== What the task requires ==
Your answer must consist of exactly the lines below, starting with the line with "2, 1) w = (2, k" and going on through the line with "1) w \<union>", and nothing else.

== Entries shown ==
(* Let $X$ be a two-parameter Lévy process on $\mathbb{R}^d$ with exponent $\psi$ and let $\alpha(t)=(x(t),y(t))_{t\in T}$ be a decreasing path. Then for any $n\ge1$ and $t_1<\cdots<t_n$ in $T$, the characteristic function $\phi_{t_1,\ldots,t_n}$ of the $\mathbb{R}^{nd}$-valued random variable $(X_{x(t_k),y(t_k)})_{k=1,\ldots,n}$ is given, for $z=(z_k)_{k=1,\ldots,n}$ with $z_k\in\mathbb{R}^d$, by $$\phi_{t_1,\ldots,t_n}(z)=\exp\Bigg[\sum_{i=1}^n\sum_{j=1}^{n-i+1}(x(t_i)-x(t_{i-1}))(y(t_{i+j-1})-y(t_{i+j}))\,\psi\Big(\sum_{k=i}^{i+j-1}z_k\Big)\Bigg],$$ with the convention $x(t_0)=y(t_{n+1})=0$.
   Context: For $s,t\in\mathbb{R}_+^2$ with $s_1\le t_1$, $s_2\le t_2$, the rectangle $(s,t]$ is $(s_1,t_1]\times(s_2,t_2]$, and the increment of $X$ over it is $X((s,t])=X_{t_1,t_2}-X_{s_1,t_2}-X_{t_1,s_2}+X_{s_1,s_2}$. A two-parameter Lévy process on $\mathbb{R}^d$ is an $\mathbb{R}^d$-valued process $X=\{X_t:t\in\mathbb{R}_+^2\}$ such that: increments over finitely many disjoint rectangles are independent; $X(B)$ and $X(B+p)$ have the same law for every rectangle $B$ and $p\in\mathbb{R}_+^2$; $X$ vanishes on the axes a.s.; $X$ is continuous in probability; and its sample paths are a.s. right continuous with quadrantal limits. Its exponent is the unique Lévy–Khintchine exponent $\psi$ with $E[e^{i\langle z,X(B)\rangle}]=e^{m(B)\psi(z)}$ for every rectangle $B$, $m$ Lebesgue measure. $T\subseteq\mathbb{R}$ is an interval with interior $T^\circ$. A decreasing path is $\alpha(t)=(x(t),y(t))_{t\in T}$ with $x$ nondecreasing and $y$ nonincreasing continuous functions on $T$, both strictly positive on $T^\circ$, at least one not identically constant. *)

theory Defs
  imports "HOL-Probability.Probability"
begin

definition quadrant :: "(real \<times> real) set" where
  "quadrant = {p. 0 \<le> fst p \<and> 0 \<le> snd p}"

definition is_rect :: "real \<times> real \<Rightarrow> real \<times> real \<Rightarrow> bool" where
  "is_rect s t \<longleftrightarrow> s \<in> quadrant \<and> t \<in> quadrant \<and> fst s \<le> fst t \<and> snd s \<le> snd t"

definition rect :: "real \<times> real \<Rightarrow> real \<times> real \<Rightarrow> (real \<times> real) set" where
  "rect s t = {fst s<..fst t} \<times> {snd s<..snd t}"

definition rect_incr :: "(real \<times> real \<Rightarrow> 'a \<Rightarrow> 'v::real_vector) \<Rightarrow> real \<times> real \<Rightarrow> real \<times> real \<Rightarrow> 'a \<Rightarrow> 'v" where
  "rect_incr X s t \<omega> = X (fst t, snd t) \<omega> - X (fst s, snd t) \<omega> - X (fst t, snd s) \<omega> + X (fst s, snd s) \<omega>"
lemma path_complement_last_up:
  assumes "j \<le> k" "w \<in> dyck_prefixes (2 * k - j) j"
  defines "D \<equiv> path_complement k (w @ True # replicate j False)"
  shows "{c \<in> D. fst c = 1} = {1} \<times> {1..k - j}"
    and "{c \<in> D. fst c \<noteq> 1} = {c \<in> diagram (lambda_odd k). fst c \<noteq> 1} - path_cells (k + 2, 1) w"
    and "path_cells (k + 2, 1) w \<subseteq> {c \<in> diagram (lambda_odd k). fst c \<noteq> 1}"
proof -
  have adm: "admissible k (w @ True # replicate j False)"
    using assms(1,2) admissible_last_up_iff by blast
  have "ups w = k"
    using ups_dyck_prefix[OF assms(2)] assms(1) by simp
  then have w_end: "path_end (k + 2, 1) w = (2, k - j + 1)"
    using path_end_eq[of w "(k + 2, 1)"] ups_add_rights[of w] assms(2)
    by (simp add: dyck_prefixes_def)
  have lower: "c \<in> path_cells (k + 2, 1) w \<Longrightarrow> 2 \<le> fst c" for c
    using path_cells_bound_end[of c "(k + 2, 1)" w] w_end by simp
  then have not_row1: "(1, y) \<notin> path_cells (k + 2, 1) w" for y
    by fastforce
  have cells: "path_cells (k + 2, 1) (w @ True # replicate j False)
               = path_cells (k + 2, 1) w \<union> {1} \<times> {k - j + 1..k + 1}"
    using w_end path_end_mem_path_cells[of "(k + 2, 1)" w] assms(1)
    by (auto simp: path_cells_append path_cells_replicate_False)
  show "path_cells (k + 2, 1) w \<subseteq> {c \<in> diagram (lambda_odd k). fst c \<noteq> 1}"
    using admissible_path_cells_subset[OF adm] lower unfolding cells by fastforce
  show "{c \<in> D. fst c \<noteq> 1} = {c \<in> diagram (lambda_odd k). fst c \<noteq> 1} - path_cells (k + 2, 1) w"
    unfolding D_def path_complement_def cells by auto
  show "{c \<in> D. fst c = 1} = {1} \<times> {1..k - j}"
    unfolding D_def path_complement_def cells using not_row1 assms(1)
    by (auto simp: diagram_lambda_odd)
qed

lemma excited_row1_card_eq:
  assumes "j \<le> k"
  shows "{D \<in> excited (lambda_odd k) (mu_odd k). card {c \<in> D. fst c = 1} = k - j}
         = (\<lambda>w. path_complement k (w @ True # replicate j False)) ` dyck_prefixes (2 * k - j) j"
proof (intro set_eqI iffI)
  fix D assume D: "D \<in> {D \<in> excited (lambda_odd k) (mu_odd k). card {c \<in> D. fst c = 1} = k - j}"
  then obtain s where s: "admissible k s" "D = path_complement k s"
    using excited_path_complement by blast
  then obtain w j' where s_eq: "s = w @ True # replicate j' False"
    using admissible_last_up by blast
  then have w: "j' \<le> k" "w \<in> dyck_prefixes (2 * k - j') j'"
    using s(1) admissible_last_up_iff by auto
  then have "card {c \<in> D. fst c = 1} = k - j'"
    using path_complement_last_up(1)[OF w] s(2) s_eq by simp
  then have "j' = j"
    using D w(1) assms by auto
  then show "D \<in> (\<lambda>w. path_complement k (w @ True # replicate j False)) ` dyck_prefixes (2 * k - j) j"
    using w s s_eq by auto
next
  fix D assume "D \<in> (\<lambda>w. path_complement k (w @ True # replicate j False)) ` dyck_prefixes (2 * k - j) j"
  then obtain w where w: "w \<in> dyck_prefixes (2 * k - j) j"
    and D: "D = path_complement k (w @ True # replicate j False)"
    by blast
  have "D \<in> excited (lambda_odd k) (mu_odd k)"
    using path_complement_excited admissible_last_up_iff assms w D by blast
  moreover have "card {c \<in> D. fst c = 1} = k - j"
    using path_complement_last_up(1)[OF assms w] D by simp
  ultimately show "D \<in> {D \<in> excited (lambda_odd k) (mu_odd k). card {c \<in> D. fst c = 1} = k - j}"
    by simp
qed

...

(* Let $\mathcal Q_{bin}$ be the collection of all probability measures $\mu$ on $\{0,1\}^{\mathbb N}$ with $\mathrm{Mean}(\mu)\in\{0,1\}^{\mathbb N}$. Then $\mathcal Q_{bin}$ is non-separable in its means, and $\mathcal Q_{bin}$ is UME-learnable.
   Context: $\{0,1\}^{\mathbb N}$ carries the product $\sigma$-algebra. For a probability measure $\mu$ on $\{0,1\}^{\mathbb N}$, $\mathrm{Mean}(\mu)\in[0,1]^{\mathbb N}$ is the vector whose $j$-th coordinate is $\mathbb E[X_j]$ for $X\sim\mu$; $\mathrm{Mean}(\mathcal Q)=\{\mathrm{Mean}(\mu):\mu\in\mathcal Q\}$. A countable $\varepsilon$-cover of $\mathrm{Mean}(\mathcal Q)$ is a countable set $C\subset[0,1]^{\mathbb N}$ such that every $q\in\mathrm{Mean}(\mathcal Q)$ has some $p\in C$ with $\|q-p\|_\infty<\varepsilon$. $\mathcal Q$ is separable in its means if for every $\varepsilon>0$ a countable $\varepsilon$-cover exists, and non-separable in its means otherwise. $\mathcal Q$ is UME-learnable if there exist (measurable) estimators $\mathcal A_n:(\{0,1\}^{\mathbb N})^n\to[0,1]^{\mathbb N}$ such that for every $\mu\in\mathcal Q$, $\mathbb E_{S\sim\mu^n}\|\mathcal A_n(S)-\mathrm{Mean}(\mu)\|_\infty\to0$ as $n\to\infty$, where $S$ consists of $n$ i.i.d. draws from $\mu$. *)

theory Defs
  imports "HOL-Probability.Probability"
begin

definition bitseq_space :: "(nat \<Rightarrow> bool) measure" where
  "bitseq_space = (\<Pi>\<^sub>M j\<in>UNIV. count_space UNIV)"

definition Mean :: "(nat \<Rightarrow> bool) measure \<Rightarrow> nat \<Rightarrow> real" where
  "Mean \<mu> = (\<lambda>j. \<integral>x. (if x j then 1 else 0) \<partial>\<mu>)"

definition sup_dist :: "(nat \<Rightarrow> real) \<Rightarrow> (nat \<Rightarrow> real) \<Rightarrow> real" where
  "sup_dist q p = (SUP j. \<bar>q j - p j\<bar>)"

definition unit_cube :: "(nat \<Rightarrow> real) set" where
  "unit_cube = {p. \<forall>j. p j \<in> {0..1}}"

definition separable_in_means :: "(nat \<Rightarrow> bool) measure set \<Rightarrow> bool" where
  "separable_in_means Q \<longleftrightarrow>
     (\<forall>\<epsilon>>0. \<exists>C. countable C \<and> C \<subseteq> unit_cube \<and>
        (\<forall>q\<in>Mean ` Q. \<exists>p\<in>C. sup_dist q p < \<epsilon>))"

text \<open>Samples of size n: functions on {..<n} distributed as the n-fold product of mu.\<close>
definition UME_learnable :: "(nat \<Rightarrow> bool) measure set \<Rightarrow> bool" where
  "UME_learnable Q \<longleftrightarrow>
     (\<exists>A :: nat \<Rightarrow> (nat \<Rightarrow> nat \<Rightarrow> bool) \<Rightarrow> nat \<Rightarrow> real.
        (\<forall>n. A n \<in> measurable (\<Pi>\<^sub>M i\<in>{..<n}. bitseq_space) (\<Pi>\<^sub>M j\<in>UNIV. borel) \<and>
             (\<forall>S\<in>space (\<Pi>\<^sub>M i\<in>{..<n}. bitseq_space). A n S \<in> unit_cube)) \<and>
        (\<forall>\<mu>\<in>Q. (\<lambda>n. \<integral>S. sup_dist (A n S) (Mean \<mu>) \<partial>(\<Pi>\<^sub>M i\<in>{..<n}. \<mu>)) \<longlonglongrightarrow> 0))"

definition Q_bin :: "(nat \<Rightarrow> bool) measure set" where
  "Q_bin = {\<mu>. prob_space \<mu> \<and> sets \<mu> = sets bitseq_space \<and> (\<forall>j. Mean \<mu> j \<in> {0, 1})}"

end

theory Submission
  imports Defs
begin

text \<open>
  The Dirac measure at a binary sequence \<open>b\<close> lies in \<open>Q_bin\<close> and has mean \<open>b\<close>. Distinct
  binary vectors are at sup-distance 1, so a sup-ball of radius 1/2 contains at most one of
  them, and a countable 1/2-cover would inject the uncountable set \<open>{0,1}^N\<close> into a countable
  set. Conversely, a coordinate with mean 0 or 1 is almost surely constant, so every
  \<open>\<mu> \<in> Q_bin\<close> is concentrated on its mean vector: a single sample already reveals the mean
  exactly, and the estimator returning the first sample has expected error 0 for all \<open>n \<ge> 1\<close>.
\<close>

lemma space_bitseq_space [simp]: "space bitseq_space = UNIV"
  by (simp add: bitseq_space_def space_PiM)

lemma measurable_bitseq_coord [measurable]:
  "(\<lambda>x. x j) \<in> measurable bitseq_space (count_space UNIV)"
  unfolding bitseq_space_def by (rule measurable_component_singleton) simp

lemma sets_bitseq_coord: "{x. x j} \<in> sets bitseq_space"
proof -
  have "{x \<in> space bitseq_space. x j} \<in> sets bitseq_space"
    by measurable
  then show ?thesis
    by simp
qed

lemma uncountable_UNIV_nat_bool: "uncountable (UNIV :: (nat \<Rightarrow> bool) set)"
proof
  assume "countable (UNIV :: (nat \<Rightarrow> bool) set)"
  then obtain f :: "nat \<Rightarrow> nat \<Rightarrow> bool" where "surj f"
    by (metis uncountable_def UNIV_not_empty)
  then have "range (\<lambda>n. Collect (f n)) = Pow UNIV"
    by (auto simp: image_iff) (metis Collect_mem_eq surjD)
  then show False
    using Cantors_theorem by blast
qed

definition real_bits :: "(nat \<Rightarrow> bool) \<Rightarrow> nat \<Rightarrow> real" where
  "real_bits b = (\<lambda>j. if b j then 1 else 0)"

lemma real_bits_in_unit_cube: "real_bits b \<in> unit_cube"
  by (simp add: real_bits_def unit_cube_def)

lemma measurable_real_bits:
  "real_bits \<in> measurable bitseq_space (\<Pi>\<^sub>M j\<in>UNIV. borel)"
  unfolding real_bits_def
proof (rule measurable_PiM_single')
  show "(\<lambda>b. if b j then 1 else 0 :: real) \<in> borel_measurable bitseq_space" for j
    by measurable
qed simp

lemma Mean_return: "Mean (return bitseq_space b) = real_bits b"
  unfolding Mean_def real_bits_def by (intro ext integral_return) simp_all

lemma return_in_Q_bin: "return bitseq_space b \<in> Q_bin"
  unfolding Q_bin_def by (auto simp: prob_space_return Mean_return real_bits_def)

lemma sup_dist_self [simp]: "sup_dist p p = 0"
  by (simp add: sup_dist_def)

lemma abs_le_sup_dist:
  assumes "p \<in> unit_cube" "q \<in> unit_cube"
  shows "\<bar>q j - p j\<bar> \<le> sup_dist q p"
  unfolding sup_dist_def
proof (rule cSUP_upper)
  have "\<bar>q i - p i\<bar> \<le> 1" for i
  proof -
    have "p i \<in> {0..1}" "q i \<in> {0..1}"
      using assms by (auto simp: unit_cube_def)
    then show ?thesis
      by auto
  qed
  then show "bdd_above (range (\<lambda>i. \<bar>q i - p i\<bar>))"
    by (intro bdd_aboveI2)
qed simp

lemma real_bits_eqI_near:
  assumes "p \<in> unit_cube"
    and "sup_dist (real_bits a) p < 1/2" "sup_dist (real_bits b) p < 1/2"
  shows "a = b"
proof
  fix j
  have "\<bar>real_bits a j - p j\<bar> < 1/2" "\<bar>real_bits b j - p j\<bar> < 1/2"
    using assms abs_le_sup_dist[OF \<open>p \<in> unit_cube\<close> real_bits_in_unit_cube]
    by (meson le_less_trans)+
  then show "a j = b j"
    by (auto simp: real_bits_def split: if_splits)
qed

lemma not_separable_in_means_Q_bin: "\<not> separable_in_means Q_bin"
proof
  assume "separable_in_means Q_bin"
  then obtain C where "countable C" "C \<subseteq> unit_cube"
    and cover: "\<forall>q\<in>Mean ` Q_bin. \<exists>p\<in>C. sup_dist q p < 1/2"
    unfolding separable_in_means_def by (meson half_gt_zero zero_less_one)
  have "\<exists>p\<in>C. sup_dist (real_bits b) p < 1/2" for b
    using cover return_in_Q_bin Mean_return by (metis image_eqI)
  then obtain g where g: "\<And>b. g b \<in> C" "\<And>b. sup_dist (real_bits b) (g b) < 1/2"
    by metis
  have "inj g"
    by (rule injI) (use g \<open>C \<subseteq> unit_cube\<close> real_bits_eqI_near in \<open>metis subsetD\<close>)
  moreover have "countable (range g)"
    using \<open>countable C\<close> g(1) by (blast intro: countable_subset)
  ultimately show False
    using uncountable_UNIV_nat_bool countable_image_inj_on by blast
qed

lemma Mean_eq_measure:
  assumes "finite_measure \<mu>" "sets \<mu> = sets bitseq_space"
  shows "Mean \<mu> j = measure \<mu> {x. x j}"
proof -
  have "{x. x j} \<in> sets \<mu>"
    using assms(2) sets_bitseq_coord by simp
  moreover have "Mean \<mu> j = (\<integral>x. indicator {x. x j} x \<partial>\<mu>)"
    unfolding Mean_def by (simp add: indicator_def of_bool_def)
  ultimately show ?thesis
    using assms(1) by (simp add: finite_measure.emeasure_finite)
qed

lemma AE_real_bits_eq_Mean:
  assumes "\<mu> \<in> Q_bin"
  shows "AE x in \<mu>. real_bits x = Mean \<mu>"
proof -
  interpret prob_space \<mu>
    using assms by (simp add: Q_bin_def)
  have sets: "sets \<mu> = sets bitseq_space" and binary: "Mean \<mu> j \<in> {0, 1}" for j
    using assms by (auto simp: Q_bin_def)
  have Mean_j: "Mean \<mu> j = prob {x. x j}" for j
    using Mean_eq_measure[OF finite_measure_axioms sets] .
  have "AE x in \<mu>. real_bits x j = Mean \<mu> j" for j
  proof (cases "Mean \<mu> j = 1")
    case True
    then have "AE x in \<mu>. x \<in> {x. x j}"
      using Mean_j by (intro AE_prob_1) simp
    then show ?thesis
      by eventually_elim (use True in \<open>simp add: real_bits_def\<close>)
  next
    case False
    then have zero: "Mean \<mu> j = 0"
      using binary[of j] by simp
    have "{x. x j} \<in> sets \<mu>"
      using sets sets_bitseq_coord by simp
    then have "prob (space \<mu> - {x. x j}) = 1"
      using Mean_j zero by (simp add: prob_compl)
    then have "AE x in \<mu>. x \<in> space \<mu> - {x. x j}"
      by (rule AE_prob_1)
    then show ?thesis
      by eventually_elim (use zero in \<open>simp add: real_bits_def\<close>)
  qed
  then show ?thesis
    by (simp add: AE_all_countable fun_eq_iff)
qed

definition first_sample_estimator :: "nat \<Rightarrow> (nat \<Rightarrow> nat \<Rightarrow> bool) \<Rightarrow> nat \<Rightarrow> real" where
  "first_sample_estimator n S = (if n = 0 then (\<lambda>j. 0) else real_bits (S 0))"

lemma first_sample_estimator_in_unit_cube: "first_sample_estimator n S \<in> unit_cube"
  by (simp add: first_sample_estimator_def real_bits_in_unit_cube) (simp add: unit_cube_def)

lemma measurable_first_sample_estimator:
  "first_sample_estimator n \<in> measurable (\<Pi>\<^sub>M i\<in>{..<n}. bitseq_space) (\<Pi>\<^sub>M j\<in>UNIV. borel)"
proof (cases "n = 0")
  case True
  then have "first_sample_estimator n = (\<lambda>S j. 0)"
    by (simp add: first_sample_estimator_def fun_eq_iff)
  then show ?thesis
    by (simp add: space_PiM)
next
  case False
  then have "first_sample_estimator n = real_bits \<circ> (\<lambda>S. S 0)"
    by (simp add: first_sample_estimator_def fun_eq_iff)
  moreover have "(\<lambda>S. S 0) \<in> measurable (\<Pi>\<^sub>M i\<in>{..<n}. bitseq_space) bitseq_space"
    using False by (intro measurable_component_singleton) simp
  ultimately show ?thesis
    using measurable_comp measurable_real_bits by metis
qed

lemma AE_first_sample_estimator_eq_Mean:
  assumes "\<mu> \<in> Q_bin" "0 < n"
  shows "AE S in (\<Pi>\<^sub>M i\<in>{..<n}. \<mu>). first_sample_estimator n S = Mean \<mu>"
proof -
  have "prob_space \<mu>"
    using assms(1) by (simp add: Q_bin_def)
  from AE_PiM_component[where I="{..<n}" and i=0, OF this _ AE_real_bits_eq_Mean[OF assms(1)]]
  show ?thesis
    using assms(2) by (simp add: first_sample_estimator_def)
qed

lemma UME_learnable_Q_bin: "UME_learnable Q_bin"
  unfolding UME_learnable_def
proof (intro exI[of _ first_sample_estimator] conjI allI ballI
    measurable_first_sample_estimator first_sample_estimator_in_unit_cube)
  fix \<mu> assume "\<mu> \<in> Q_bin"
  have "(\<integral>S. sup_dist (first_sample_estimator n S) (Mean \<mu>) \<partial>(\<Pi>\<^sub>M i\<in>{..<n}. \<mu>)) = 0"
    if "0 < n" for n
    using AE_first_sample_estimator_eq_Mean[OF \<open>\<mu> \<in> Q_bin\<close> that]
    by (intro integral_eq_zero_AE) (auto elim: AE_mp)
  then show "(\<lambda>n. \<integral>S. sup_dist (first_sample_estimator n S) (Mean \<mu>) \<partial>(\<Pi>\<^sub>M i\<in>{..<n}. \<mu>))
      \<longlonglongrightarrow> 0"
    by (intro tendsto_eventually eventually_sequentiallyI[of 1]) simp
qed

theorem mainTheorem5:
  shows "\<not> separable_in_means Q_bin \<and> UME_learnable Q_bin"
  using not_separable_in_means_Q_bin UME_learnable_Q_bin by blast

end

== Written solution ==
  then have w_end: "path_end (k + 2, 1) w = (2, k - j + 1)"
    using path_end_eq[of w "(k + 2, 1)"] ups_add_rights[of w] assms(2)
    by (simp add: dyck_prefixes_def)
  have lower: "c \<in> path_cells (k + 2, 1) w \<Longrightarrow> 2 \<le> fst c" for c
    using path_cells_bound_end[of c "(k + 2, 1)" w] w_end by simp
  then have not_row1: "(1, y) \<notin> path_cells (k + 2, 1) w" for y
    by fastforce
  have cells: "path_cells (k + 2, 1) (w @ True # replicate j False)
               = path_cells (k + 2, 1) w \<union> {1} \<times> {k - j + 1..k + 1}"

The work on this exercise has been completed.